* _Record set_
definition sconj :: "'a set \<Rightarrow> ('a \<Rightarrow> 'a) \<Rightarrow> 'a \<Rightarrow> 'a" where
  "sconj W f = induced W (\<lambda>z. ccj (stem_of W f z))"

definition sone :: "'a set \<Rightarrow> 'a \<Rightarrow> 'a" where
  "sone W = induced W (\<lambda>z. (one, 0))"

definition sN :: "'a set \<Rightarrow> ('a \<Rightarrow> 'a) \<Rightarrow> 'a \<Rightarrow> 'a" where
  "sN W f = sprod W f (sconj W f)"

definition slice_pres :: "'a set \<Rightarrow> ('a \<Rightarrow> 'a) \<Rightarrow> bool" where
  "slice_pres W f \<longleftrightarrow> f \<in> SF W \<and>
     (\<forall>z\<in>sdom W. fst (stem_of W f z) \<in> reals_A \<and> snd (stem_of W f z) \<in> reals_A)"

definition tame :: "'a set \<Rightarrow> ('a \<Rightarrow> 'a) \<Rightarrow> bool" where
  "tame W f \<longleftrightarrow> f \<in> SF W \<and> slice_pres W (sN W f) \<and> sN W f = sN W (sconj W f)"

definition zeros :: "'a set \<Rightarrow> ('a \<Rightarrow> 'a) \<Rightarrow> 'a set" where
  "zeros W h = {x \<in> W. h x = 0}"

definition restr :: "'a set \<Rightarrow> ('a \<Rightarrow> 'a) \<Rightarrow> 'a \<Rightarrow> 'a" where
  "restr W f = (\<lambda>x. if x \<in> W then f x else 0)"

definition ainv :: "'a \<Rightarrow> 'a" where
  "ainv a = (SOME b. mul a b = one \<and> mul b a = one)"

text \<open>slice regularity: the stem function is C^1 (differentiable with continuous partial
derivatives in alpha and beta) and satisfies the Cauchy-Riemann equation in A_C\<close>
definition slice_regular :: "'a set \<Rightarrow> ('a \<Rightarrow> 'a) \<Rightarrow> bool" where
  "slice_regular W f \<longleftrightarrow> f \<in> SF W \<and>
     (let F = stem_of W f in
       (\<forall>z\<in>sdom W. F differentiable (at z)) \<and>
       continuous_on (sdom W) (\<lambda>z. frechet_derivative F (at z) 1) \<and>
       continuous_on (sdom W) (\<lambda>z. frechet_derivative F (at z) \<i>) \<and>
       (\<forall>z\<in>sdom W. (1/2) *\<^sub>R (frechet_derivative F (at z) 1 + imul (frechet_derivative F (at z) \<i>)) = 0))"

end

end

theory Submission
  imports Defs
begin

text \<open>Everything is reduced pointwise to stems, i.e. to the complexified algebra
  \<open>A\<^sub>\<complex> = A \<times> A\<close>, which is again alternative. Tameness of \<open>f = \<I>(F)\<close> says that
  \<open>F F\<^sup>c = F\<^sup>c F\<close> is a complex scalar \<open>\<lambda>\<close>, hence central in \<open>A\<^sub>\<complex>\<close>, and \<open>\<Omega>'\<close> is where
  \<open>\<lambda> \<noteq> 0\<close>. There \<open>\<lambda>\<^sup>-\<^sup>1 F\<^sup>c\<close> is a two-sided inverse of \<open>F\<close>, and the standard
  alternative-algebra facts (an invertible element associates with its inverse, by the
  Moufang identity; \<open>(xy)(y\<^sup>c x\<^sup>c) = (x x\<^sup>c)(y y\<^sup>c)\<close> when both norms are central and
  invertible) yield the associator and norm identities. Regularity transfers because
  conjugation, products and inverses of nonvanishing complex scalars preserve the
  Cauchy--Riemann equation of stems.\<close>

section \<open>Alternative algebras\<close>

lemma real_vector_eq_neg_self: "(a::'v::real_vector) = - a \<Longrightarrow> a = 0"
proof -
  assume "a = - a"
  hence "(2::real) *\<^sub>R a = 0" by (metis add.right_inverse scaleR_2)
  thus "a = 0" by simp
qed

lemma real_vector_double_cancel: "(a::'v::real_vector) + a = b + b \<Longrightarrow> a = b"
proof -
  assume "a + a = b + b"
  hence "(2::real) *\<^sub>R a = (2::real) *\<^sub>R b" by (simp add: scaleR_2)
  thus "a = b" by simp
qed

locale alt_algebra =
  fixes m :: "'v::real_vector \<Rightarrow> 'v \<Rightarrow> 'v" and e :: 'v
  assumes mult_bilinear: "bilinear m"
    and unit_left: "m e x = x" and unit_right: "m x e = x"
    and left_alternative: "assoc m x x y = 0" and right_alternative: "assoc m y x x = 0"
begin
(* Let $G$ be a graph that has a set of twins $T=\{u_1,\dots,u_r\}$ with $r\ge 3$, and let $G_i=G-u_i$. If $S_i$ is a zero forcing set of $G_i$, then $S_i\cup\{u_i\}$ is a zero forcing set of $G$. If $S$ is a zero forcing set of $G$ with $u_i\in S$, then $S\setminus\{u_i\}$ is a zero forcing set of $G_i$. Consequently $S_i\mapsto S_i\cup\{u_i\}$ is a bijection between the zero forcing sets of $G_i$ and the zero forcing sets of $G$ containing $u_i$, and a zero forcing set $S_i$ of $G_i$ is minimal if and only if $S_i\cup\{u_i\}$ is a minimal zero forcing set of $G$.
   Context: Vertices $u,w$ of $G$ are twins if $N_G(u)=N_G(w)$ (open neighborhoods); a set of twins is a set of vertices any two of which are twins. $G-u$ is the graph obtained by deleting $u$. Zero forcing: starting with a set $S$ of blue vertices, a blue vertex $v$ may turn blue a white vertex $w$ if $w$ is the only white neighbor of $v$; $S$ is a zero forcing set if repeated application colors all vertices blue. Minimal means minimal under inclusion. *)

theory Defs
  imports Main
begin

definition simple_graph :: "'a set \<Rightarrow> ('a \<Rightarrow> 'a \<Rightarrow> bool) \<Rightarrow> bool" where
  "simple_graph V E \<longleftrightarrow> finite V \<and> (\<forall>x y. E x y \<longrightarrow> E y x)
     \<and> (\<forall>x. \<not> E x x) \<and> (\<forall>x y. E x y \<longrightarrow> x \<in> V \<and> y \<in> V)"

definition nbhd :: "'a set \<Rightarrow> ('a \<Rightarrow> 'a \<Rightarrow> bool) \<Rightarrow> 'a \<Rightarrow> 'a set" where
  "nbhd V E v = {w \<in> V. E v w}"

definition twin_set :: "'a set \<Rightarrow> ('a \<Rightarrow> 'a \<Rightarrow> bool) \<Rightarrow> 'a set \<Rightarrow> bool" where
  "twin_set V E T \<longleftrightarrow> T \<subseteq> V \<and> (\<forall>u\<in>T. \<forall>w\<in>T. nbhd V E u = nbhd V E w)"

definition del_vertex_edges :: "('a \<Rightarrow> 'a \<Rightarrow> bool) \<Rightarrow> 'a \<Rightarrow> 'a \<Rightarrow> 'a \<Rightarrow> bool" where
  "del_vertex_edges E u x y \<longleftrightarrow> E x y \<and> x \<noteq> u \<and> y \<noteq> u"

text \<open>Final blue set of the zero forcing process started from S: least set containing
  S \<inter> V and closed under the color change rule (a blue vertex v with all neighbors
  except w blue forces its neighbor w).\<close>
inductive_set zf_closure :: "'a set \<Rightarrow> ('a \<Rightarrow> 'a \<Rightarrow> bool) \<Rightarrow> 'a set \<Rightarrow> 'a set"
  for V E S where
  init: "s \<in> S \<Longrightarrow> s \<in> V \<Longrightarrow> s \<in> zf_closure V E S"
| force: "v \<in> zf_closure V E S \<Longrightarrow> w \<in> nbhd V E v \<Longrightarrow>
          (\<forall>x \<in> nbhd V E v. x \<noteq> w \<longrightarrow> x \<in> zf_closure V E S) \<Longrightarrow>
          w \<in> zf_closure V E S"

definition zero_forcing_set :: "'a set \<Rightarrow> ('a \<Rightarrow> 'a \<Rightarrow> bool) \<Rightarrow> 'a set \<Rightarrow> bool" where
  "zero_forcing_set V E S \<longleftrightarrow> S \<subseteq> V \<and> zf_closure V E S = V"

definition minimal_zero_forcing_set :: "'a set \<Rightarrow> ('a \<Rightarrow> 'a \<Rightarrow> bool) \<Rightarrow> 'a set \<Rightarrow> bool" where
  "minimal_zero_forcing_set V E S \<longleftrightarrow> zero_forcing_set V E S
     \<and> (\<forall>S'. S' \<subset> S \<longrightarrow> \<not> zero_forcing_set V E S')"

end

theory Submission
  imports Defs "HOL-Combinatorics.Transposition"
begin

(* Twins are interchangeable: transposing two twins is a graph automorphism, and a force
   performed by u can equally be performed by a blue twin t of u. Of two distinct twins, one
   lies in every zero forcing set, because the first of them to turn blue cannot be forced:
   the forcing vertex also sees the other twin, which is still white. Hence if u has two
   further twins a and b, every zero forcing set of G contains a or b, and removing u from it
   leaves a zero forcing set of G - u. If it avoids u, it contains a, and exchanging a for u
   first produces a strictly smaller zero forcing set of G - u; this is what makes minimality
   transfer from G - u to G. *)

lemma zf_closure_subset: "zf_closure V E S \<subseteq> V"
proof
  show "x \<in> V" if "x \<in> zf_closure V E S" for x
    using that by induction (unfold nbhd_def, blast+)
qed

lemma zero_forcing_setI:
  assumes "S \<subseteq> V" and "V \<subseteq> zf_closure V E S"
  shows "zero_forcing_set V E S"
  using assms zf_closure_subset[of V E S] unfolding zero_forcing_set_def by blast

lemma twin_set_subset: "twin_set V E T \<Longrightarrow> T' \<subseteq> T \<Longrightarrow> twin_set V E T'"
  unfolding twin_set_def by blast

lemma twin_set_adj_iff:
  assumes "simple_graph V E" and "twin_set V E {a, b}"
  shows "E x a \<longleftrightarrow> E x b"
proof -
  have sym: "E x y \<longleftrightarrow> E y x" and edge: "E x y \<Longrightarrow> y \<in> V" for x y
    using assms(1) unfolding simple_graph_def by blast+
  have "nbhd V E a = nbhd V E b" using assms(2) unfolding twin_set_def by blast
  then have "E a x \<longleftrightarrow> E b x" using edge unfolding nbhd_def by blast
  then show ?thesis using sym by blast
qed

lemma zf_closure_image_subset:
  assumes onto: "f ` V = V"
    and adj: "\<And>x y. x \<in> V \<Longrightarrow> y \<in> V \<Longrightarrow> E (f x) (f y) \<longleftrightarrow> E x y"
  shows "f ` zf_closure V E S \<subseteq> zf_closure V E (f ` S)"
proof
  have maps: "f x \<in> V" if "x \<in> V" for x
    using that onto by (metis imageI)
  have covers: "\<exists>z\<in>V. y = f z" if "y \<in> V" for y
    using that onto by (metis imageE)
  fix y assume "y \<in> f ` zf_closure V E S"
  then obtain x where x: "x \<in> zf_closure V E S" and y: "y = f x" by blast
  from x show "y \<in> zf_closure V E (f ` S)" unfolding y
  proof (induction rule: zf_closure.induct)
    case (init s)
    have "f s \<in> f ` S" using init(1) by (rule imageI)
    moreover have "f s \<in> V" using init(2) by (rule maps)
    ultimately show ?case by (rule zf_closure.init)
  next
    case (force v w)
    have "v \<in> V" using zf_closure_subset force.hyps(1) by (rule subsetD)
    show ?case
    proof (rule zf_closure.force[OF force.IH(1)])
      show "f w \<in> nbhd V E (f v)"
        using force.hyps(2) \<open>v \<in> V\<close> maps adj unfolding nbhd_def by blast
      show "\<forall>x\<in>nbhd V E (f v). x \<noteq> f w \<longrightarrow> x \<in> zf_closure V E (f ` S)"
      proof (intro ballI impI)
        fix x assume x: "x \<in> nbhd V E (f v)" "x \<noteq> f w"
        then obtain z where "z \<in> V" "x = f z" using covers unfolding nbhd_def by blast
        then have "z \<in> nbhd V E v" "z \<noteq> w" using x \<open>v \<in> V\<close> adj unfolding nbhd_def by blast+
        then show "x \<in> zf_closure V E (f ` S)" using force.IH(2) \<open>x = f z\<close> by blast
      qed
    qed
  qed
qed

lemma zero_forcing_set_image:
  assumes "f ` V = V"
    and "\<And>x y. x \<in> V \<Longrightarrow> y \<in> V \<Longrightarrow> E (f x) (f y) \<longleftrightarrow> E x y"
    and "zero_forcing_set V E S"
  shows "zero_forcing_set V E (f ` S)"
proof (rule zero_forcing_setI)
  have "S \<subseteq> V" and closure: "zf_closure V E S = V"
    using assms(3) unfolding zero_forcing_set_def by blast+
  then show "f ` S \<subseteq> V" using assms(1) by (metis image_mono)
  show "V \<subseteq> zf_closure V E (f ` S)"
    using zf_closure_image_subset[of f V E S, OF assms(1,2)] assms(1) closure by simp
qed

lemma twin_transpose_adj_iff:
  assumes "simple_graph V E" and "twin_set V E {a, b}"
  shows "E (transpose a b x) (transpose a b y) \<longleftrightarrow> E x y"
proof -
  have sym: "E x y \<longleftrightarrow> E y x" for x y
    using assms(1) unfolding simple_graph_def by blast
  have "E a z \<longleftrightarrow> E b z" for z
    using twin_set_adj_iff[OF assms, of z] sym[of a z] sym[of b z] by blast
  then have left: "E (transpose a b z) y \<longleftrightarrow> E z y" for z y
    by (simp add: transpose_def)
  have "E (transpose a b x) (transpose a b y) \<longleftrightarrow> E (transpose a b y) x"
    using left sym by blast
  also have "\<dots> \<longleftrightarrow> E x y"
    using left sym by blast
  finally show ?thesis .
qed

lemma zero_forcing_set_twin_exchange:
  assumes "simple_graph V E" and "twin_set V E {a, b}"
    and "zero_forcing_set V E S" and "a \<in> S" and "b \<notin> S"
  shows "zero_forcing_set V E (insert b (S - {a}))"
proof -
  have "a \<in> V" "b \<in> V" using assms(2) unfolding twin_set_def by blast+
  then have "zero_forcing_set V E (transpose a b ` S)"
    using zero_forcing_set_image[OF _ _ assms(3)] twin_transpose_adj_iff[OF assms(1,2)] by simp
  moreover have "transpose a b ` S = insert b (S - {a})"
    using assms(4,5) by (auto simp: transpose_def image_iff)
  ultimately show ?thesis by simp
qed

lemma twin_mem_zero_forcing_set:
  assumes "simple_graph V E" and "twin_set V E {a, b}" and "a \<noteq> b"
    and "zero_forcing_set V E S"
  shows "a \<in> S \<or> b \<in> S"
proof -
  have "a \<in> V" "b \<in> V" using assms(2) unfolding twin_set_def by blast+
  have "a \<in> S \<or> b \<in> S" if "x \<in> zf_closure V E S" "x \<in> {a, b}" for x
    using that
  proof (induction rule: zf_closure.induct)
    case (init s)
    then show ?case by blast
  next
    case (force v w)
    have "E v a" "E v b"
      using force.hyps(2) force.prems twin_set_adj_iff[OF assms(1,2)] unfolding nbhd_def by auto
    then have "a \<in> nbhd V E v" "b \<in> nbhd V E v"
      using \<open>a \<in> V\<close> \<open>b \<in> V\<close> unfolding nbhd_def by blast+
    moreover obtain c where "c \<in> {a, b}" "c \<noteq> w"
      using force.prems assms(3) by blast
    ultimately show ?case
      using force.IH(2) by blast
  qed
  then show ?thesis
    using \<open>a \<in> V\<close> assms(4) unfolding zero_forcing_set_def by blast
qed

lemma nbhd_del_vertex:
  "v \<noteq> u \<Longrightarrow> nbhd (V - {u}) (del_vertex_edges E u) v = nbhd V E v - {u}"
  unfolding nbhd_def del_vertex_edges_def by blast

lemma zero_forcing_set_del_vertex_not_mem:
  "zero_forcing_set (V - {u}) (del_vertex_edges E u) S \<Longrightarrow> u \<notin> S"
  unfolding zero_forcing_set_def by blast

lemma zf_closure_del_vertex_subset:
  "zf_closure (V - {u}) (del_vertex_edges E u) S \<subseteq> zf_closure V E (insert u S)"
proof
  show "x \<in> zf_closure V E (insert u S)"
    if "x \<in> zf_closure (V - {u}) (del_vertex_edges E u) S" for x
    using that
  proof (induction rule: zf_closure.induct)
    case (init s)
    then show ?case by (simp add: zf_closure.init)
  next
    case (force v w)
    have "v \<noteq> u"
      using force.hyps(2) unfolding nbhd_def del_vertex_edges_def by blast
    have "u \<in> zf_closure V E (insert u S)" if "u \<in> nbhd V E v"
      using that unfolding nbhd_def by (blast intro: zf_closure.init)
    then show ?case
      using zf_closure.force[OF force.IH(1)] force.hyps(2) force.IH(2)
      unfolding nbhd_del_vertex[OF \<open>v \<noteq> u\<close>] by blast
  qed
qed

lemma zero_forcing_set_insert_del_vertex:
  assumes "u \<in> V" and "zero_forcing_set (V - {u}) (del_vertex_edges E u) S"
  shows "zero_forcing_set V E (insert u S)"
proof (rule zero_forcing_setI)
  have "S \<subseteq> V - {u}" and "zf_closure (V - {u}) (del_vertex_edges E u) S = V - {u}"
    using assms(2) unfolding zero_forcing_set_def by blast+
  moreover have "u \<in> zf_closure V E (insert u S)"
    using assms(1) by (simp add: zf_closure.init)
  ultimately show "insert u S \<subseteq> V" "V \<subseteq> zf_closure V E (insert u S)"
    using assms(1) zf_closure_del_vertex_subset[of V u E S] by blast+
qed

lemma zf_closure_subset_del_twin:
  assumes "twin_set V E {t, u}" and "t \<noteq> u" and "t \<in> S"
  shows "zf_closure V E S \<subseteq> insert u (zf_closure (V - {u}) (del_vertex_edges E u) (S - {u}))"
    (is "_ \<subseteq> insert u ?C")
proof
  have "t \<in> V" and same_nbhd: "nbhd V E t = nbhd V E u"
    using assms(1) unfolding twin_set_def by blast+
  then have "t \<in> ?C" using assms(2,3) by (simp add: zf_closure.init)
  show "x \<in> insert u ?C" if "x \<in> zf_closure V E S" for x
    using that
  proof (induction rule: zf_closure.induct)
    case (init s)
    then show ?case by (cases "s = u") (simp_all add: zf_closure.init)
  next
    case (force v w)
    show ?case
    proof (cases "w = u")
      case False
      txt \<open>A force by the deleted vertex u is performed by its twin t instead.\<close>
      define v' where "v' = (if v = u then t else v)"
      have "v' \<noteq> u" "v' \<in> ?C" and nbhd_v': "nbhd V E v' = nbhd V E v"
        using force.IH(1) \<open>t \<in> ?C\<close> assms(2) same_nbhd unfolding v'_def by auto
      have "w \<in> ?C"
        using zf_closure.force[OF \<open>v' \<in> ?C\<close>] force.hyps(2) force.IH(2) False
        unfolding nbhd_del_vertex[OF \<open>v' \<noteq> u\<close>] nbhd_v' by blast
      then show ?thesis by simp
    qed simp
  qed
qed

lemma zero_forcing_set_del_twin:
  assumes "twin_set V E {t, u}" and "t \<noteq> u" and "t \<in> S"
    and "zero_forcing_set V E S"
  shows "zero_forcing_set (V - {u}) (del_vertex_edges E u) (S - {u})"
proof (rule zero_forcing_setI)
  show "S - {u} \<subseteq> V - {u}" using assms(4) unfolding zero_forcing_set_def by blast
  show "V - {u} \<subseteq> zf_closure (V - {u}) (del_vertex_edges E u) (S - {u})"
    using zf_closure_subset_del_twin[OF assms(1-3)] assms(4)
    unfolding zero_forcing_set_def by blast
qed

* _What is being asked_
Set down, unchanged, only those lines above that fall between the line with "(\<forall>z\<in>sdom W. F differentiable" and the line with "of \<open>f = \<I>(F)\<close> says that", the two end lines included.

* _Response area_
       (\<forall>z\<in>sdom W. F differentiable (at z)) \<and>
       continuous_on (sdom W) (\<lambda>z. frechet_derivative F (at z) 1) \<and>
       continuous_on (sdom W) (\<lambda>z. frechet_derivative F (at z) \<i>) \<and>
       (\<forall>z\<in>sdom W. (1/2) *\<^sub>R (frechet_derivative F (at z) 1 + imul (frechet_derivative F (at z) \<i>)) = 0))"

end

end

theory Submission
  imports Defs
begin

text \<open>Everything is reduced pointwise to stems, i.e. to the complexified algebra
  \<open>A\<^sub>\<complex> = A \<times> A\<close>, which is again alternative. Tameness of \<open>f = \<I>(F)\<close> says that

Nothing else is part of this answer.